# Dreckige Schrift



## ADIT (10. April 2006)

Gruß,
ich habe mal ne frage uzw. wie bekomme ich solch eine Schrift hin, 
http://img85.imageshack.us/img85/544/schrift1hn.jpg
also das sie dreckig wirkt.
Könnt mir auch nen Link für ein Tut posten.

MfG Adit


----------



## susi22 (10. April 2006)

Ich würde glatt sagen, das ist die Schrift selber?
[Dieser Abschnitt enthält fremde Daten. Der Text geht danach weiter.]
(* Let $q$ be a prime power and let $\mathcal{H}_q$ be the Hermitian curve in $\mathrm{PG}(2,q^2)$. Let $\mathcal{B}$ be a $2$-blocking set of $\mathcal{H}_q$. Then in $\mathrm{PG}(2,q^2)$ there exist semiovals of size $k$ for every integer $k$ satisfying $|\mathcal{B}|\leq k\leq q^3+1$.
   Context: $\mathrm{PG}(2,q^2)$ is the Desarguesian projective plane over $\mathbb{F}_{q^2}$. The Hermitian curve $\mathcal{H}_q$ is the set of points of $\mathrm{PG}(2,q^2)$ satisfying $X_2X_0^q+X_2^qX_0+X_1^{q+1}=0$; it has $q^3+1$ points, there is a unique tangent line to $\mathcal{H}_q$ at each of its points, and every other line meets $\mathcal{H}_q$ in exactly $q+1$ points ($(q+1)$-secants). A pointset $\mathcal{D}\subset\mathcal{H}_q$ is a $2$-blocking set of $\mathcal{H}_q$ if every $(q+1)$-secant of $\mathcal{H}_q$ contains at least $2$ points of $\mathcal{D}$. A semioval is a non-empty pointset $\mathcal{S}$ such that for every $P\in\mathcal{S}$ there is a unique line $t_P$ with $\mathcal{S}\cap t_P=\{P\}$. *)

theory Defs
  imports "HOL-Computational_Algebra.Primes"
begin

type_synonym 'a vec3 = "'a \<times> 'a \<times> 'a"

definition pclass :: "'a::field vec3 \<Rightarrow> 'a vec3 set" where
  "pclass v = (case v of (x, y, z) \<Rightarrow> {(c * x, c * y, c * z) | c. c \<noteq> 0})"

definition pg_points :: "'a::field vec3 set set" where
  "pg_points = {pclass v | v. v \<noteq> (0, 0, 0)}"

definition line_of :: "'a::field vec3 \<Rightarrow> 'a vec3 set set" where
  "line_of u = {P \<in> pg_points. \<forall>(x, y, z) \<in> P. (case u of (a, b, c) \<Rightarrow> a * x + b * y + c * z = 0)}"

definition pg_lines :: "'a::field vec3 set set set" where
  "pg_lines = {line_of u | u. u \<noteq> (0, 0, 0)}"
(* For every finite set $\Omega$ with $|\Omega|\ge2$, every $0<\varepsilon<1/2$ and every integer $k\ge2$ there exists $n_0>0$ such that for all $n>n_0$ and all $\mu\in\mathcal P(\Omega^n)$: (i) if $\mu$ is $(\varepsilon/9)^3$-symmetric, then $D_\square(\mu,\bigotimes_{i=1}^n\mu_i)<\varepsilon$; (ii) if $D_\square(\mu,\bigotimes_{i=1}^n\mu_i)<\varepsilon^4/(128|\Omega|)^{4k}$, then $\sum_{1\le i_1<\dots<i_k\le n}\|\mu_{i_1,\dots,i_k}-\mu_{i_1}\otimes\dots\otimes\mu_{i_k}\|_{TV}<\varepsilon n^k$.
   Context: $\mathcal P(\mathcal X)$ denotes the set of probability measures on a finite set $\mathcal X$; $[n]=\{1,\dots,n\}$; $\|p-q\|_{TV}=\frac12\sum_x|p(x)-q(x)|$. For $\mu\in\mathcal P(\Omega^n)$ and $I\subset[n]$, $\mu_I$ is the joint marginal of the coordinates in $I$ (written $\mu_{i_1,\dots,i_k}$ for $I=\{i_1,\dots,i_k\}$, and $\mu_i$ for one coordinate). $\mu\in\mathcal P(\Omega^V)$ is $\varepsilon$-symmetric if $\frac1{|V|^2}\sum_{i,j\in V,\,i\ne j}\|\mu_{i,j}-\mu_i\otimes\mu_j\|_{TV}<\varepsilon$. For $\mu,\nu\in\mathcal P(\Omega^n)$ let $\Gamma(\mu,\nu)$ be the set of couplings, i.e. probability measures $\gamma$ on $\Omega^n\times\Omega^n$ whose first and second marginals are $\mu$ and $\nu$. The cut metric is $D_\square(\mu,\nu)=\frac1n\min_{\gamma\in\Gamma(\mu,\nu)}\max_{I\subset[n],\,B\subset\Omega^n\times\Omega^n,\,\omega\in\Omega}\Big|\sum_{i\in I}\sum_{(\sigma,\tau)\in B}\gamma(\sigma,\tau)\big(\mathbf 1\{\sigma_i=\omega\}-\mathbf 1\{\tau_i=\omega\}\big)\Big|$. *)

theory Defs
  imports Complex_Main "HOL-Library.FuncSet"
begin
lemma pos_invertible_inverse:
  assumes p: "p \<in> pos_invertible_mats" and Bp: "B ** p = mat 1" and pB: "p ** B = mat 1"
  shows "B \<in> pos_invertible_mats"
proof -
  have hp: "adjoint_mat p = p" and qp: "\<And>x. Im (quad_form p x) = 0 \<and> Re (quad_form p x) \<ge> 0"
    using p by (auto simp: psd_mat_iff pos_invertible_mats_def)
  have "adjoint_mat B ** p = mat 1"
    by (metis adjoint_mult adjoint_id pB hp)
  then have "adjoint_mat B = B"
    by (metis pB matrix_mul_assoc matrix_mul_lid matrix_mul_rid)
  moreover have "Im (quad_form B x) = 0 \<and> Re (quad_form B x) \<ge> 0" for x
  proof -
    have x: "x = p *v (B *v x)" unfolding matrix_vector_mul_assoc pB by simp
    have "quad_form B x = (\<Sum>i\<in>UNIV. cnj ((p *v (B *v x)) $ i) * (B *v x) $ i)"
      unfolding quad_form_def using x by simp
    also have "\<dots> = cnj (quad_form p (B *v x))" by (simp add: quad_form_def mult.commute)
    finally show ?thesis using qp[of "B *v x"] by simp
  qed
  moreover have "invertible B" unfolding invertible_def using Bp pB by blast
  ultimately show ?thesis by (auto simp: pos_invertible_mats_def psd_mat_iff)
qed

lemma logmodular_pos_invertible_adjoint_square:
  fixes S :: "(complex^'n^'n) set"
  assumes "logmodular S"
  shows "pos_invertible_mats \<subseteq> (\<lambda>a. adjoint_mat a ** a) ` S"
proof -
  have "{adjoint_mat a ** a | a. a \<in> invertibles_in S} \<subseteq> (\<lambda>a. adjoint_mat a ** a) ` S"
    unfolding invertibles_in_def by auto
  then show ?thesis
    using assms closure_minimal closed_image_adjoint_square unfolding logmodular_def by blast
qed
lemma odd_cycle_or_bipartite_component_if_sign_alternating:
  fixes u :: "'a \<Rightarrow> 'f::field"
  assumes sg: "simple_graph V E" and cg: "connected_graph V E" and ab: "E a b"
    and two: "(2::'f) \<noteq> 0"
    and alt: "sign_alternating (remove_edge E a b) u" and sum: "u a + u b = 1"
  shows "(in_odd_cycle E a b \<and> bipartite V (remove_edge E a b)) \<or>
    (\<not> reach (remove_edge E a b) a b \<and>
      (\<exists>C \<in> components V (remove_edge E a b). bipartite C (induced (remove_edge E a b) C)))"
proof (cases "reach (remove_edge E a b) a b")
  case True
  then show ?thesis
    using odd_cycle_if_sign_alternating_reach[OF sg ab alt sum]
      bipartite_remove_edge_if_sign_alternating_reach[OF sg cg ab alt sum] by simp
next
  case False
  have "a \<in> V" "b \<in> V"
    using sg ab unfolding simple_graph_def by blast+
  then show ?thesis
    using False bipartite_component_if_sign_alternating[OF two _ _ alt sum] by simp
qed

lemma exists_sign_alternating_if_odd_cycle:
  assumes sg: "simple_graph V E" and ab: "E a b" and two: "(2::'f::field) \<noteq> 0"
    and odd_cycle: "in_odd_cycle E a b" and bip: "bipartite V (remove_edge E a b)"
  shows "\<exists>u \<in> (U_G V :: ('a \<Rightarrow> 'f) set). sign_alternating (remove_edge E a b) u \<and> u a + u b = 1"
proof -
  let ?R = "remove_edge E a b"
  obtain c i where cyc: "is_cycle E c" and "odd (length c)" and i: "i < length c"
    and edge: "{c ! i, c ! (Suc i mod length c)} = {a, b}"
    using odd_cycle unfolding in_odd_cycle_def edge_in_cycle_def by auto
  have "?R = remove_edge E (c ! i) (c ! (Suc i mod length c))"
    using edge unfolding remove_edge_def by simp
  then have walk: "(?R ^^ (length c - 1)) (c ! (Suc i mod length c)) (c ! i)"
    using cycle_walk_avoiding_edge[OF cyc i] by simp
  have sgR: "simple_graph V ?R"
    using sg by (rule simple_graph_remove_edge)
  then have "induced ?R V = ?R"
    unfolding simple_graph_def induced_def by blast
  then have bip_induced: "bipartite V (induced ?R V)"
    using bip by simp
  have closed: "x \<in> V \<longleftrightarrow> y \<in> V" if "?R x y" for x y
    using sgR that unfolding simple_graph_def by blast
  have "a \<in> V"
    using sg ab unfolding simple_graph_def by blast
  obtain u :: "'a \<Rightarrow> 'f" where "u \<in> U_G V" and alt: "sign_alternating ?R u" and "u a = 1 / 2"
    using sign_alternating_if_bipartite[OF bip_induced subset_refl closed \<open>a \<in> V\<close>, where c = "1 / 2"]
    by blast
  have "u (c ! i) = u (c ! (Suc i mod length c))"
    using sign_alternating_relpowp[OF alt walk] \<open>odd (length c)\<close> by simp
  then have "u b = u a"
    using edge by (auto simp: doubleton_eq_iff)
  moreover have "(1 / 2 :: 'f) + 1 / 2 = 1"
    using two by (simp add: add_divide_distrib[symmetric])
  ultimately have "u a + u b = 1"
    using \<open>u a = 1 / 2\<close> by (simp only:)
  then show ?thesis
    using \<open>u \<in> U_G V\<close> alt by blast
qed
(* Let $k\ge1$, $A,B,C_1,\dots,C_k\in\mathbb{C}^{r\times r}$ with $C_j+mI$ invertible for all $m\ge0$ and all $j$, $AB=BA$, $C_jC_l=C_lC_j$ for all $j,l$. Fix $i$ and $n\ge1$ and suppose $C_i-mI$ is invertible for $0\le m\le n$. Then $$F_{\mathcal C}[C_i-nI]=F_{\mathcal C}+x_iAB\Big[\sum_{n_1=1}^nF_{\mathcal C}[A+I,\,B+I,\,C_i+(2-n_1)I]\,(C_i-n_1I)^{-1}(C_i-(n_1-1)I)^{-1}\Big].$$
   Context: For $M\in\mathbb{C}^{r\times r}$: $(M)_0=I$, $(M)_m=M(M+I)\cdots(M+(m-1)I)$, $(M)^{-1}_m=((M)_m)^{-1}$. $$F_{\mathcal C}=F_{\mathcal C}[A,B;C_1,\dots,C_k;x_1,\dots,x_k]=\sum_{m_1,\dots,m_k\ge0}(A)_{m_1+\cdots+m_k}(B)_{m_1+\cdots+m_k}\prod_{j=1}^k(C_j)^{-1}_{m_j}\prod_{j=1}^k\frac{x_j^{m_j}}{m_j!},$$ $x_j$ scalar variables, matrix products in order of increasing index; identities are of formal power series in the $x_j$. $F_{\mathcal C}[\dots]$ lists only the shifted parameters, all others unchanged. *)

theory Defs
  imports "HOL-Analysis.Analysis"
begin

fun mpoch :: "complex^'n^'n \<Rightarrow> nat \<Rightarrow> complex^'n^'n" where
  "mpoch M 0 = mat 1"
| "mpoch M (Suc m) = mpoch M m ** (M + mat (of_nat m))"

definition mpoch_inv :: "complex^'n^'n \<Rightarrow> nat \<Rightarrow> complex^'n^'n" where
  "mpoch_inv M m = matrix_inv (mpoch M m)"

fun ordprod :: "(nat \<Rightarrow> complex^'n^'n) \<Rightarrow> nat \<Rightarrow> complex^'n^'n" where
  "ordprod f 0 = mat 1"
| "ordprod f (Suc k) = ordprod f k ** f k"

text \<open>Coefficient of x_0^(m 0) ... x_(k-1)^(m (k-1)) in the formal power series
  F_C[A,B;C_0,...,C_(k-1);x_0,...,x_(k-1)] (variables indexed 0..k-1).\<close>
definition FC_coeff :: "nat \<Rightarrow> complex^'n^'n \<Rightarrow> complex^'n^'n \<Rightarrow> (nat \<Rightarrow> complex^'n^'n)
    \<Rightarrow> (nat \<Rightarrow> nat) \<Rightarrow> complex^'n^'n" where
  "FC_coeff k A B C m =
     (let s = (\<Sum>j<k. m j) in
      (1 / real (\<Prod>j<k. fact (m j))) *\<^sub>R
        (mpoch A s ** mpoch B s ** ordprod (\<lambda>j. mpoch_inv (C j) (m j)) k))"

end

theory Submission
  imports Defs
begin

text \<open>
  Since the \<open>C\<^sub>j\<close> commute, the \<open>i\<close>-th factor of each coefficient can be moved to its end,
  and the identity reduces to one for the single Pochhammer symbol of \<open>c = C\<^sub>i\<close>. There the contiguity relation
  \<open>(d - I)\<^sup>-\<^sup>1\<^sub>t\<^sub>+\<^sub>1 - (d)\<^sup>-\<^sup>1\<^sub>t\<^sub>+\<^sub>1 = (t + 1) (d + I)\<^sup>-\<^sup>1\<^sub>t (d - I)\<^sup>-\<^sup>1 d\<^sup>-\<^sup>1\<close>,
  valid because all factors are rational functions of \<open>d\<close> and hence commute, telescopes over
  \<open>d = c, c - I, \<dots>, c - (n - 1)I\<close>. The factor \<open>t + 1\<close> cancels against \<open>(t + 1)!\<close>, and
  \<open>(A)\<^sub>s\<^sub>+\<^sub>1 (B)\<^sub>s\<^sub>+\<^sub>1 = AB (A + I)\<^sub>s (B + I)\<^sub>s\<close> produces the prefactor \<open>AB\<close>.
\<close>

subsection \<open>Matrix algebra\<close>

lemma matrix_add_rdistrib:
  fixes A B :: "'a::semiring_1^'n^'m"
  shows "(A + B) ** C = A ** C + B ** C"
  by (vector matrix_matrix_mult_def sum.distrib[symmetric] field_simps)

lemma matrix_diff_ldistrib:
  fixes A :: "'a::ring_1^'n^'m"
  shows "A ** (B - C) = A ** B - A ** C"
  by (vector matrix_matrix_mult_def sum_subtractf[symmetric] field_simps)

lemma matrix_diff_rdistrib:
  fixes A B :: "'a::ring_1^'n^'m"
  shows "(A - B) ** C = A ** C - B ** C"
  by (vector matrix_matrix_mult_def sum_subtractf[symmetric] field_simps)

lemma matrix_sum_ldistrib:
  fixes A :: "'a::semiring_1^'n^'m"
  shows "A ** sum f S = (\<Sum>x\<in>S. A ** f x)"
  by (induction S rule: infinite_finite_induct) (simp_all add: matrix_add_ldistrib)

lemma mat_commute:
  fixes X :: "'a::comm_semiring_1^'n^'n"
  shows "mat a ** X = X ** mat a"
  unfolding matrix_matrix_mult_def mat_def
  by (auto simp: vec_eq_iff if_distrib if_distribR mult.commute cong: if_cong)

lemma mat_of_nat_eq_scaleR:
  "mat (of_nat q) = real q *\<^sub>R (mat 1 :: 'a::real_algebra_1^'n^'n)"
  by (vector mat_def scaleR_conv_of_real)

lemma commute_add_mat:
  fixes X Y :: "'a::comm_semiring_1^'n^'n"
  assumes "X ** Y = Y ** X"
  shows "X ** (Y + mat a) = (Y + mat a) ** X"
  using assms by (simp add: matrix_add_ldistrib matrix_add_rdistrib mat_commute)

lemma add_mat_commute_add_mat:
  fixes X :: "'a::comm_semiring_1^'n^'n"
  shows "(X + mat a) ** (X + mat b) = (X + mat b) ** (X + mat a)"
proof -
  have "X ** (X + mat b) = (X + mat b) ** X"
    by (rule commute_add_mat) (rule refl)
  then have "(X + mat b) ** (X + mat a) = (X + mat a) ** (X + mat b)"
    by (intro commute_add_mat) (rule sym)
  then show ?thesis
    by (rule sym)
qed

lemma matrix_inv_right: "invertible X \<Longrightarrow> X ** matrix_inv X = mat 1"
  and matrix_inv_left: "invertible X \<Longrightarrow> matrix_inv X ** X = mat 1"
  for X :: "'a::field^'n^'n"
  unfolding invertible_def matrix_inv_def by (metis (mono_tags, lifting) someI_ex)+

lemma matrix_inv_unique:
  fixes X Y :: "'a::field^'n^'n"
  assumes "X ** Y = mat 1"
  shows "matrix_inv X = Y"
proof -
  have "invertible X"
    using assms matrix_left_right_inverse invertible_def by blast
  have "matrix_inv X = matrix_inv X ** (X ** Y)"
    by (simp add: assms)
  also have "\<dots> = Y"
    by (simp add: matrix_mul_assoc matrix_inv_left \<open>invertible X\<close>)
  finally show ?thesis .
qed

lemma matrix_inv_mult:
  fixes X Y :: "'a::field^'n^'n"
  assumes "invertible X" "invertible Y"
  shows "matrix_inv (X ** Y) = matrix_inv Y ** matrix_inv X"
proof (rule matrix_inv_unique)
  have "X ** Y ** (matrix_inv Y ** matrix_inv X) = X ** (Y ** matrix_inv Y) ** matrix_inv X"
    by (simp add: matrix_mul_assoc)
  then show "X ** Y ** (matrix_inv Y ** matrix_inv X) = mat 1"
    using assms by (simp add: matrix_inv_right)
qed

lemma commute_matrix_inv:
  fixes X Y :: "'a::field^'n^'n"
  assumes "X ** Y = Y ** X" "invertible Y"
  shows "X ** matrix_inv Y = matrix_inv Y ** X"
proof -
  have "X ** matrix_inv Y = matrix_inv Y ** (Y ** X) ** matrix_inv Y"
    using assms(2) by (simp add: matrix_mul_assoc matrix_inv_left)
  also have "\<dots> = matrix_inv Y ** X ** (Y ** matrix_inv Y)"
    by (simp add: matrix_mul_assoc flip: assms(1))
  also have "\<dots> = matrix_inv Y ** X"
    by (simp add: assms(2) matrix_inv_right)
  finally show ?thesis .
qed

lemma matrix_inv_commute:
  fixes X Y :: "'a::field^'n^'n"
  assumes "X ** Y = Y ** X" "invertible X" "invertible Y"
  shows "matrix_inv X ** matrix_inv Y = matrix_inv Y ** matrix_inv X"
  using assms by (metis commute_matrix_inv)

lemma matrix_inv_diff:
  fixes X Y :: "'a::field^'n^'n"
  assumes "invertible X" "invertible Y"
  shows "matrix_inv X - matrix_inv Y = matrix_inv X ** (Y - X) ** matrix_inv Y"
proof -
  have "matrix_inv X ** (Y - X) ** matrix_inv Y =
      matrix_inv X ** (Y ** matrix_inv Y) - (matrix_inv X ** X) ** matrix_inv Y"
    by (simp add: matrix_diff_ldistrib matrix_diff_rdistrib matrix_mul_assoc)
  then show ?thesis
    using assms by (simp add: matrix_inv_right matrix_inv_left)
qed

subsection \<open>Matrix Pochhammer symbols\<close>

lemma mpoch_commute:
  assumes "Y ** X = X ** Y"
  shows "Y ** mpoch X t = mpoch X t ** Y"
proof (induction t)
  case (Suc t)
  have comm: "Y ** (X + mat (of_nat t)) = (X + mat (of_nat t)) ** Y"
    using assms by (rule commute_add_mat)
  have "Y ** mpoch X (Suc t) = (Y ** mpoch X t) ** (X + mat (of_nat t))"
    by (simp add: matrix_mul_assoc)
  also have "\<dots> = mpoch X t ** (Y ** (X + mat (of_nat t)))"
    by (simp add: Suc.IH matrix_mul_assoc)
  also have "\<dots> = mpoch X (Suc t) ** Y"
    by (simp add: comm matrix_mul_assoc)
  finally show ?case .
qed simp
Ansonsten eventuell mit Bruhses aber kann leider nicht mit einem Tut dienen, sorry


----------



## chritz tosh (10. April 2006)

ADIT hat gesagt.:
			
		

> Gruß,
> ich habe mal ne frage uzw. wie bekomme ich solch eine Schrift hin,
> http://img85.imageshack.us/img85/544/schrift1hn.jpg
> also das sie dreckig wirkt.
> ...



Hi Adit,

schau doch mal im Netz nach der "3 theHard way RMX". Kannst Du kostenlos runterladen - wo weiß ich leider gerade nicht.

(Lüge - hier z.B.)
http://www.dafont.com/3the-hard-way-rmx.font

Die ist von Haus aus schon ziemlich dreckig und genügt vielleicht Deinen Ansprüchen. 

Ansonsten: Selbst Hand anlegen. z.B. Deine Text-Ebene mit einer Ebenenmaske versehen und mit einer kleinen Brush für ordentlich Franzen und Löcher sorgen!  

Grüße, chritz


----------



## holzoepfael (10. April 2006)

JO, wenn du Lust hast, das selber zu tun, mit einer X-beliebigen Schrift, so suche nach "grunge", "grunge-effekt" etc.....

Mfg holzoepfael


----------



## ADIT (10. April 2006)

THX

MfG Adit


----------



## versuch13 (10. April 2006)

Das ist die 4990810. Bekommst du bei Dafont.

http://www.dafont.com/font.php?file=4990810


Gruß


----------